2013-08-22 / Front Page

Principal expects teachers to finalize new deal in time

By Margo Sullivan

The North Kingstown teachers union is still negotiating a new contract, but Principal Thomas Kenworthy said the educators will have a deal ratified by the first day of school.

About 200 Jamestowners will walk through the doors of North Kingstown High on the first day of school Tuesday, according to Kenworthy.

Last year, opening day was marred by confusion when the support staff, including custodians, staged a walkout, causing a last-minute cancellation of the first day of school. The postponement included athletic practices and bus service.

Kenworthy remains optimistic the school district can avoid a repeat of last year’s disruptions.

He said the teachers union and administration are most likely “meeting every day” at this point to beat the deadline. He has been told an agreement will be reached.

However, a new deal for the teachers has yet to be inked. The old contract is set to expire on the first day of school.

On Monday, an orientation will be held at 3:15 p.m. for freshmen and transfer students. The afternoon program is followed by a cookout, and parents are invited to an evening recap.

The orientation has been offered for several years, Kenworthy said, and it’s the last summer event the school offers to prepare incoming freshmen.

According to Kenworthy, school enrollment is down slightly, but falls in line with other districts in Rhode Island.

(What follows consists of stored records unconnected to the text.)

lemma P_sigma_sigma_weight:
  assumes "k \<le> n"
  shows "P_sigma n c (sigma_weight n tau m k) t =
           - complex_of_real c *
             (vandermonde (\<lambda>q. (shifted_coord n tau m t q)\<^sup>2) ({0..Suc n} - {Suc k}) /
              vandermonde (\<lambda>i. (rho_G n i)\<^sup>2) {1..n+1})"
proof -
  have "vandermonde (\<lambda>i. (wplus (wplus (wscale t (ebasis 1)) (sigma_weight n tau m k)) (rho_M n) i)\<^sup>2)
          {1..n+1} = vandermonde (\<lambda>p. (shifted_coord n tau m t (sigma_index k p))\<^sup>2) {1..n+1}"
    by (intro vandermonde_cong arg_cong[where f = "\<lambda>z. z\<^sup>2"] sigma_weight_shifted_coord[OF assms])
  also have "\<dots> = vandermonde (\<lambda>q. (shifted_coord n tau m t q)\<^sup>2) ({0..Suc n} - {Suc k})"
    using vandermonde_reindex[OF strict_mono_on_sigma_index, of "\<lambda>q. (shifted_coord n tau m t q)\<^sup>2"]
      sigma_index_image[OF assms] by simp
  finally show ?thesis
    unfolding P_sigma_def prod_pos_roots_winner_ratio by simp
qed

lemma dim_G_tau_weight:
  "dim_G n (tau_weight n tau m) =
     vandermonde (\<lambda>q. (shifted_coord n tau m t q)\<^sup>2) {1..Suc n} /
     vandermonde (\<lambda>i. (rho_G n i)\<^sup>2) {1..n+1}"
proof -
  have "vandermonde (\<lambda>i. (wplus (tau_weight n tau m) (rho_G n) i)\<^sup>2) {1..n+1} =
        vandermonde (\<lambda>q. (shifted_coord n tau m t q)\<^sup>2) {1..n+1}"
    by (rule vandermonde_cong) (auto simp: wplus_def tau_weight_def rho_G_def shifted_coord_def)
  then show ?thesis
    unfolding dim_G_def prod_pos_roots_winner_ratio by simp
qed

lemma inj_on_shifted_coord_squares:
  assumes dominant: "\<And>i. 1 \<le> i \<Longrightarrow> i \<le> n \<Longrightarrow> tau (i + 1) \<le> tau i"
    and nonneg: "tau (n + 1) \<ge> 0"
  shows "inj_on (\<lambda>q. (shifted_coord n tau m t q)\<^sup>2) {1..Suc n}"
proof -
  define a where "a q = tau q + int m + int (n + 1 - q)" for q
  have antimono: "tau j \<le> tau i" if "1 \<le> i" "i \<le> j" "j \<le> n + 1" for i j
    using that(2,3)
  proof (induction j rule: dec_induct)
    case (step q)
    then show ?case using dominant[of q] that(1) by simp
  qed simp
  have coord: "shifted_coord n tau m t q = of_int (a q)" if "q \<in> {1..Suc n}" for q
    using that by (simp add: shifted_coord_def a_def)
  have a_nonneg: "a i \<ge> 0" if "i \<in> {1..Suc n}" for i
    using antimono[of i "n + 1"] that nonneg by (simp add: a_def)
  have a_strict: "a j < a i" if "i \<in> {1..Suc n}" "j \<in> {1..Suc n}" "i < j" for i j
    using antimono[of i j] that by (simp add: a_def)
  show ?thesis
  proof (rule inj_onI)
    fix i j assume ij: "i \<in> {1..Suc n}" "j \<in> {1..Suc n}"
      and "(shifted_coord n tau m t i)\<^sup>2 = (shifted_coord n tau m t j)\<^sup>2"
    then have "of_int ((a i)\<^sup>2) = (of_int ((a j)\<^sup>2) :: complex)"
      by (simp only: coord of_int_power)
    then have "(a i)\<^sup>2 = (a j)\<^sup>2"
      by (simp only: of_int_eq_iff)
    then have "a i = a j"
      using a_nonneg ij by (simp add: power2_eq_iff_nonneg)
    then show "i = j"
      using a_strict ij by (metis linorder_neqE_nat less_irrefl)
  qed
qed

theorem corollary5p5:
  fixes n m :: nat and tau :: "nat \<Rightarrow> int" and c :: real and t :: complex
  assumes "n \<ge> 1"
    and "c > 0"
    and "\<And>i. 1 \<le> i \<Longrightarrow> i \<le> n \<Longrightarrow> tau (i + 1) \<le> tau i"
    and "tau (n + 1) \<ge> 0"
  shows "(\<Sum>k = 0..n. (-1) ^ k * P_sigma n c (sigma_weight n tau m k) t)
           = - complex_of_real c * dim_G n (tau_weight n tau m)"
proof -
  \<comment> \<open>only dominance of \<open>\<tau>\<close> is used\<close>
  let ?y = "\<lambda>q. (shifted_coord n tau m t q)\<^sup>2"
  let ?C = "- complex_of_real c / vandermonde (\<lambda>i. (rho_G n i)\<^sup>2) {1..n+1}"
  have "(\<Sum>k = 0..n. (-1) ^ k * P_sigma n c (sigma_weight n tau m k) t)
      = ?C * (\<Sum>k = 0..n. (-1) ^ k * vandermonde ?y ({0..Suc n} - {Suc k}))"
    unfolding sum_distrib_left by (rule sum.cong) (simp_all add: P_sigma_sigma_weight)
  also have "\<dots> = ?C * vandermonde ?y {1..Suc n}"
    using alternating_sum_vandermonde_remove[OF inj_on_shifted_coord_squares[OF assms(3,4)]]
    by simp
  also have "\<dots> = - complex_of_real c * dim_G n (tau_weight n tau m)"
    by (simp add: dim_G_tau_weight[where t = t])
  finally show ?thesis .
qed

end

Last year, 1,450 students attended North Kingstown High. This year, enrollment stands at about 1,420. The decline is spread more or less evenly across the four grades, he said.

North Kingstown will not cut any programs this year, and that includes sports teams. Although money has been tight, the school is keeping all existing offerings.

The newest thing, according to Kenworthy, is a district-wide program serving the most severely disabled special-needs students. The goal is to keep them in North Kingstown and avoid costly outof district tuitions. High-school students in the group will be off campus, but in a nearby location.

Otherwise, little is changing this year. In his tenure as principal, Kenworthy said this year is shaping up as the one with the least amount of flux.

However, there are some important happenings. In September, the New England Association of Schools and Colleges will send a team to visit North Kingstown High. The team’s report will figure in the association’s decision whether to recommend renewing the school accreditation. The teachers and staff have been preparing for the visit since last year, he said.

In sports-related news, Kenworthy said the school wanted to install a greenhouse-style canopy over the outdoor track to cover the first 100 meters, but he was not sure where that project stood. Kenworthy says the booster club was going to look into financing.

“It was something we were looking to do with the help of the booster club,” he said.

The reason is because the indoor track team does not have a facility, and the athletes have to use the outdoor track all winter long.

Also, rumors are false that the school ever planned to close the weight room to save money.

“Things got blown out of proportion,” Kenworthy said.

During bargaining meetings, one item that was to be renegotiated was stipends for coaches. Kenworthy believes the rumors about the weight room may have developed from those discussions.

He did not have any information about a new deal with the coaches. “That agreement has not been finalized yet,” he said.

Overall, the only major change this year is due to the new statewide graduation requirements, he acknowledged. For the first time, the seniors will have to score 2 or better on the New England Common Assessment Program test, or they will not receive a diploma.

The score of 2 means the students have demonstrated partial proficiency. The top score is 4.

The new rule affects the current seniors, he said, and the school has been coaching the youngsters who failed the test in their junior year.

According to Kenworthy, those students are in remedial programs. They will have another chance to pass the high-stakes test in October, and if they fail again, they can retake the exam in the winter. As a last resort, the students can replace the NECAP requirement with an alternative standardized test, such as the SAT. But to graduate, the seniors would have to test at or above the cutoff score – merely sitting for the SAT would not suffice.

According to Kenworthy, North Kingstown has a “manageable number of students” who failed the high-stakes test. The hope is they will all pass the October exam, he said.

Also, the special-needs students who have been taking an alternative program will be affected for the first time this year, as the state Department of Education has announced these students will receive a certificate, not a diploma.

The American Civil Liberties Union is contesting that decision, however.

“It’s in court,” Kenworthy said.

He indicated between 1 and 2 percent of the seniors would fall into this category of students who completed a portfolio of work and satisfied all the requirements of the alternative program.

It’s a handful of students, he said, but in the past, these youngsters also received diplomas.

All in all, Kenworthy expects a successful 2013-14 school year, both academically and athletically.

“We’re looking forward to another great year,” he said.

For those already looking forward to summer, the last day of school is June 12, with any makeup days necessary scheduled for June 13 through June 19.